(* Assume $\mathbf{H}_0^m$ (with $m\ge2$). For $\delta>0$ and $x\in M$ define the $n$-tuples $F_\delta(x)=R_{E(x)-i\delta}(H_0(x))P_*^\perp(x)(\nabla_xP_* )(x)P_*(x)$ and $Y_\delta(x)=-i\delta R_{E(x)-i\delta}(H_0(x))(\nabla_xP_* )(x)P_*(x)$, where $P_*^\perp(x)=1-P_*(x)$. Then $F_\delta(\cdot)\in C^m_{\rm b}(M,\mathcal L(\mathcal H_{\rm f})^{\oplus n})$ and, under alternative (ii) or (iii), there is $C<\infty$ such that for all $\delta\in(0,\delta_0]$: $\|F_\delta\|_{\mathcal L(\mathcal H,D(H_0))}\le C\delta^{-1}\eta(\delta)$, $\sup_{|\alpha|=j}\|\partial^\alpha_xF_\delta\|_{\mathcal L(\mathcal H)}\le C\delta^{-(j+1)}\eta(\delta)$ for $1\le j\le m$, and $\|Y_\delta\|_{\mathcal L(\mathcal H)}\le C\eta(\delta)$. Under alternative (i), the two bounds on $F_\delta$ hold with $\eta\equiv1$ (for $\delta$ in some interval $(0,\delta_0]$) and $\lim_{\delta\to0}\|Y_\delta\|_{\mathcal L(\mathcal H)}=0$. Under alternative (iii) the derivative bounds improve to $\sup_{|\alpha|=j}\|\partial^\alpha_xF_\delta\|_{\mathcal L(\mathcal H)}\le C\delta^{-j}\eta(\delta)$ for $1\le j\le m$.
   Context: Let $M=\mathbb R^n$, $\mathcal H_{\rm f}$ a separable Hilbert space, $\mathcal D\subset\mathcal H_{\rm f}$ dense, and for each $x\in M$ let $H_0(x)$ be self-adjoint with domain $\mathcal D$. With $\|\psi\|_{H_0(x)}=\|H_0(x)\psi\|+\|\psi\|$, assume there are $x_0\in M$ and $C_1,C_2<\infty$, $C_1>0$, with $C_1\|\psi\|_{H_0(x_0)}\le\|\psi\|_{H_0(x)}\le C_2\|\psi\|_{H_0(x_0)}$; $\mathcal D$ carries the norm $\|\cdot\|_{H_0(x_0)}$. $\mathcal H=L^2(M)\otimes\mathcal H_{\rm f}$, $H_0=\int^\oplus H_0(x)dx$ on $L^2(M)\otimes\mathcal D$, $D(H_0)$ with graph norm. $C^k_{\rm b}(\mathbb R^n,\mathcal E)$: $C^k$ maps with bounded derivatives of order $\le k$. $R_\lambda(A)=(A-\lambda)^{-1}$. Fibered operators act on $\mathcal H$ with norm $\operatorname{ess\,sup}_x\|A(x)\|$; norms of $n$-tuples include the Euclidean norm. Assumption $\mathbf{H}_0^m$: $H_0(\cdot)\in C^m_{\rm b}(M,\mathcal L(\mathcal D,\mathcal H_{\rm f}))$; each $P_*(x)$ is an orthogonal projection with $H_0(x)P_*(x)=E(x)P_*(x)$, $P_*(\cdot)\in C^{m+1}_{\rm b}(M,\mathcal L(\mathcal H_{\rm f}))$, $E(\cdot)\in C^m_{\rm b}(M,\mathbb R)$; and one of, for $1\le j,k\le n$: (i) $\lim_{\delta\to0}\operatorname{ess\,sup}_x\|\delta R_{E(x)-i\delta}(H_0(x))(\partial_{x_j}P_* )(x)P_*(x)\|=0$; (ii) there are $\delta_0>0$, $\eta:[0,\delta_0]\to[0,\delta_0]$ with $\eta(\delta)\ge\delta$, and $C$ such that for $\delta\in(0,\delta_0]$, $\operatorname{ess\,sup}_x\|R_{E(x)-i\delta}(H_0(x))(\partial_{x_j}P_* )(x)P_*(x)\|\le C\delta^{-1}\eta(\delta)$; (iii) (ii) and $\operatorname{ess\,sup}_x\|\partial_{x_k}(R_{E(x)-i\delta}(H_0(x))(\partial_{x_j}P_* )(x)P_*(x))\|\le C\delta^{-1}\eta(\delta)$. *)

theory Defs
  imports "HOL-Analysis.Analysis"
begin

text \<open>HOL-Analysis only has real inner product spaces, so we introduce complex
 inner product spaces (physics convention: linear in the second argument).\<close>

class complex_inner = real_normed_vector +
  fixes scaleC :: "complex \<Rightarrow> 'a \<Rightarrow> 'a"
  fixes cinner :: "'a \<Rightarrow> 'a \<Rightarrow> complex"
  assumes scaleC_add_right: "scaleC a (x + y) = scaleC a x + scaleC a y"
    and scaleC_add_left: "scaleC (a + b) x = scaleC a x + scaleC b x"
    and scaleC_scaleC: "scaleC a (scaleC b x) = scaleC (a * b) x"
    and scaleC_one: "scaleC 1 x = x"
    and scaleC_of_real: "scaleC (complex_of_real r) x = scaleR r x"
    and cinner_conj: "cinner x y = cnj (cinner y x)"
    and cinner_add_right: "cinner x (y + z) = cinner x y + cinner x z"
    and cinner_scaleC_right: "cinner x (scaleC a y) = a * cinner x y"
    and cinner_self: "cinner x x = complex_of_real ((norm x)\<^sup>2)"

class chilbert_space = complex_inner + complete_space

•••

§ WORK REQUIRED:
Set the data down once more, exactly as it stands.

§ YOUR SOLUTION:
(* Assume $\mathbf{H}_0^m$ (with $m\ge2$). For $\delta>0$ and $x\in M$ define the $n$-tuples $F_\delta(x)=R_{E(x)-i\delta}(H_0(x))P_*^\perp(x)(\nabla_xP_* )(x)P_*(x)$ and $Y_\delta(x)=-i\delta R_{E(x)-i\delta}(H_0(x))(\nabla_xP_* )(x)P_*(x)$, where $P_*^\perp(x)=1-P_*(x)$. Then $F_\delta(\cdot)\in C^m_{\rm b}(M,\mathcal L(\mathcal H_{\rm f})^{\oplus n})$ and, under alternative (ii) or (iii), there is $C<\infty$ such that for all $\delta\in(0,\delta_0]$: $\|F_\delta\|_{\mathcal L(\mathcal H,D(H_0))}\le C\delta^{-1}\eta(\delta)$, $\sup_{|\alpha|=j}\|\partial^\alpha_xF_\delta\|_{\mathcal L(\mathcal H)}\le C\delta^{-(j+1)}\eta(\delta)$ for $1\le j\le m$, and $\|Y_\delta\|_{\mathcal L(\mathcal H)}\le C\eta(\delta)$. Under alternative (i), the two bounds on $F_\delta$ hold with $\eta\equiv1$ (for $\delta$ in some interval $(0,\delta_0]$) and $\lim_{\delta\to0}\|Y_\delta\|_{\mathcal L(\mathcal H)}=0$. Under alternative (iii) the derivative bounds improve to $\sup_{|\alpha|=j}\|\partial^\alpha_xF_\delta\|_{\mathcal L(\mathcal H)}\le C\delta^{-j}\eta(\delta)$ for $1\le j\le m$.
   Context: Let $M=\mathbb R^n$, $\mathcal H_{\rm f}$ a separable Hilbert space, $\mathcal D\subset\mathcal H_{\rm f}$ dense, and for each $x\in M$ let $H_0(x)$ be self-adjoint with domain $\mathcal D$. With $\|\psi\|_{H_0(x)}=\|H_0(x)\psi\|+\|\psi\|$, assume there are $x_0\in M$ and $C_1,C_2<\infty$, $C_1>0$, with $C_1\|\psi\|_{H_0(x_0)}\le\|\psi\|_{H_0(x)}\le C_2\|\psi\|_{H_0(x_0)}$; $\mathcal D$ carries the norm $\|\cdot\|_{H_0(x_0)}$. $\mathcal H=L^2(M)\otimes\mathcal H_{\rm f}$, $H_0=\int^\oplus H_0(x)dx$ on $L^2(M)\otimes\mathcal D$, $D(H_0)$ with graph norm. $C^k_{\rm b}(\mathbb R^n,\mathcal E)$: $C^k$ maps with bounded derivatives of order $\le k$. $R_\lambda(A)=(A-\lambda)^{-1}$. Fibered operators act on $\mathcal H$ with norm $\operatorname{ess\,sup}_x\|A(x)\|$; norms of $n$-tuples include the Euclidean norm. Assumption $\mathbf{H}_0^m$: $H_0(\cdot)\in C^m_{\rm b}(M,\mathcal L(\mathcal D,\mathcal H_{\rm f}))$; each $P_*(x)$ is an orthogonal projection with $H_0(x)P_*(x)=E(x)P_*(x)$, $P_*(\cdot)\in C^{m+1}_{\rm b}(M,\mathcal L(\mathcal H_{\rm f}))$, $E(\cdot)\in C^m_{\rm b}(M,\mathbb R)$; and one of, for $1\le j,k\le n$: (i) $\lim_{\delta\to0}\operatorname{ess\,sup}_x\|\delta R_{E(x)-i\delta}(H_0(x))(\partial_{x_j}P_* )(x)P_*(x)\|=0$; (ii) there are $\delta_0>0$, $\eta:[0,\delta_0]\to[0,\delta_0]$ with $\eta(\delta)\ge\delta$, and $C$ such that for $\delta\in(0,\delta_0]$, $\operatorname{ess\,sup}_x\|R_{E(x)-i\delta}(H_0(x))(\partial_{x_j}P_* )(x)P_*(x)\|\le C\delta^{-1}\eta(\delta)$; (iii) (ii) and $\operatorname{ess\,sup}_x\|\partial_{x_k}(R_{E(x)-i\delta}(H_0(x))(\partial_{x_j}P_* )(x)P_*(x))\|\le C\delta^{-1}\eta(\delta)$. *)

theory Defs
  imports "HOL-Analysis.Analysis"
begin

text \<open>HOL-Analysis only has real inner product spaces, so we introduce complex
 inner product spaces (physics convention: linear in the second argument).\<close>

class complex_inner = real_normed_vector +
  fixes scaleC :: "complex \<Rightarrow> 'a \<Rightarrow> 'a"
  fixes cinner :: "'a \<Rightarrow> 'a \<Rightarrow> complex"
  assumes scaleC_add_right: "scaleC a (x + y) = scaleC a x + scaleC a y"
    and scaleC_add_left: "scaleC (a + b) x = scaleC a x + scaleC b x"
    and scaleC_scaleC: "scaleC a (scaleC b x) = scaleC (a * b) x"
    and scaleC_one: "scaleC 1 x = x"
    and scaleC_of_real: "scaleC (complex_of_real r) x = scaleR r x"
    and cinner_conj: "cinner x y = cnj (cinner y x)"
    and cinner_add_right: "cinner x (y + z) = cinner x y + cinner x z"
    and cinner_scaleC_right: "cinner x (scaleC a y) = a * cinner x y"
    and cinner_self: "cinner x x = complex_of_real ((norm x)\<^sup>2)"

class chilbert_space = complex_inner + complete_space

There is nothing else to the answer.